(Records provided)

text \<open>The solution curve is parametrised by \<open>\<langle>q, u\<rangle>\<close>, where \<open>Ker D\<^sub>uF = span {q}\<close>;
  \<open>\<lambda>'(0) = 0\<close> because \<open>p \<in> Ker D\<^sub>uF\<^sup>T\<close> is not orthogonal to \<open>G u = -D\<^sub>\<lambda>F\<close>.\<close>
lemma turning_point_at_simple_fold:
  fixes T G :: "real^'n \<Rightarrow> real^'n"
  assumes T: "C1_map T" and G: "C1_map G" and "open S" "u \<in> S"
    and zero: "Fmap T G u L = 0"
    and fold: "dim {x. jacobian (\<lambda>v. Fmap T G v L) (at u) *v x = 0} = 1"
    and left: "transpose (jacobian (\<lambda>v. Fmap T G v L) (at u)) *v p = 0" "G u \<bullet> p \<noteq> 0"
    and bound: "\<And>v l. v \<in> S \<Longrightarrow> Fmap T G v l = 0 \<Longrightarrow> l \<le> L"
  shows "turning_point T G u L"
proof -
  define M where "M = jacobian (\<lambda>v. Fmap T G v L) (at u)"
  have "\<not> {x. M *v x = 0} \<subseteq> {0}"
    using fold dim_eq_0[of "{x. M *v x = 0}"] by (simp add: M_def)
  then obtain q where "M *v q = 0" "q \<noteq> 0" by blast
  then have ker: "{x. M *v x = 0} = span {q}"
    using fold by (intro subspace_eq_span_of_dim_1 subspace_null_space) (simp_all add: M_def)
  define \<Phi> where "\<Phi> x = (Fmap T G (fst x) (snd x), q \<bullet> fst x)" for x :: "(real^'n) \<times> real"
  define \<Phi>' where "\<Phi>' x = (\<lambda>y. ((jacobian T (at (fst x)) - snd x *\<^sub>R jacobian G (at (fst x))) *v fst y
      - snd y *\<^sub>R G (fst x), q \<bullet> fst y))" for x :: "(real^'n) \<times> real"
  have deriv: "(\<Phi> has_derivative \<Phi>' x) (at x)" for x
    unfolding \<Phi>_def[abs_def] \<Phi>'_def by (rule bordered_Fmap_has_derivative[OF T G])
  have blinfun: "blinfun_apply (Blinfun (\<Phi>' x)) = \<Phi>' x" for x
    using bounded_linear_Blinfun_apply[OF has_derivative_bounded_linear[OF deriv]] .
  have \<Phi>'_fold: "\<Phi>' (u, L) = (\<lambda>y. (M *v fst y - snd y *\<^sub>R G u, q \<bullet> fst y))"
    by (simp add: \<Phi>'_def M_def jacobian_Fmap[OF T G])
  have inj: "inj (\<Phi>' (u, L))"
    unfolding \<Phi>'_fold using bordered_map_injective[OF left(1)[folded M_def] left(2) ker \<open>q \<noteq> 0\<close>] .
  have cont: "continuous_on UNIV (\<lambda>x. Blinfun (\<Phi>' x))"
    unfolding \<Phi>'_def by (rule continuous_on_bordered_Fmap_derivative[OF T G])
  have "open (S \<times> UNIV)" "(u, L) \<in> S \<times> UNIV"
    using \<open>open S\<close> \<open>u \<in> S\<close> by (simp_all add: open_Times)
  obtain a \<gamma> w where "0 < a" and C1: "\<gamma> C1_differentiable_on {-a<..<a}" and "\<gamma> 0 = (u, L)"
    and curve: "\<And>s. s \<in> {-a<..<a} \<Longrightarrow> \<gamma> s \<in> S \<times> UNIV \<and> \<Phi> (\<gamma> s) = \<Phi> (u, L) + s *\<^sub>R (0, 1)"
    and "(\<gamma> has_vector_derivative w) (at 0)" and "\<Phi>' (u, L) w = (0, 1)"
    by (rule C1_curve_through_regular_point[of \<Phi> "\<lambda>x. Blinfun (\<Phi>' x)", unfolded blinfun,
          OF deriv cont inj \<open>open (S \<times> UNIV)\<close> \<open>(u, L) \<in> S \<times> UNIV\<close>]) (rule that)
  have "M *v fst w - snd w *\<^sub>R G u = 0"
    using \<open>\<Phi>' (u, L) w = (0, 1)\<close> by (simp add: \<Phi>'_fold)
  then have "snd w = 0"
    by (rule bordering_coefficient_eq_0[OF left(1)[folded M_def] left(2)])
  show ?thesis
  proof (rule turning_pointI[OF \<open>0 < a\<close> C1 \<open>\<gamma> 0 = (u, L)\<close> _ \<open>(\<gamma> has_vector_derivative w) (at 0)\<close> \<open>snd w = 0\<close>])
    fix s assume "s \<in> {-a<..<a}"
    then have "fst (\<gamma> s) \<in> S" and "Fmap T G (fst (\<gamma> s)) (snd (\<gamma> s)) = 0"
      using curve zero by (auto simp: \<Phi>_def mem_Times_iff)
    then show "Fmap T G (fst (\<gamma> s)) (snd (\<gamma> s)) = 0 \<and> snd (\<gamma> s) \<le> L"
      using bound by blast
  qed
qed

(End Records provided)

Task prompt
The range runs from the line with "(\<gamma> s) \<in>" to the last line of the entries above, both included. Restate it word for word.

Response for this exercise
    then have "fst (\<gamma> s) \<in> S" and "Fmap T G (fst (\<gamma> s)) (snd (\<gamma> s)) = 0"
      using curve zero by (auto simp: \<Phi>_def mem_Times_iff)
    then show "Fmap T G (fst (\<gamma> s)) (snd (\<gamma> s)) = 0 \<and> snd (\<gamma> s) \<le> L"
      using bound by blast
  qed
qed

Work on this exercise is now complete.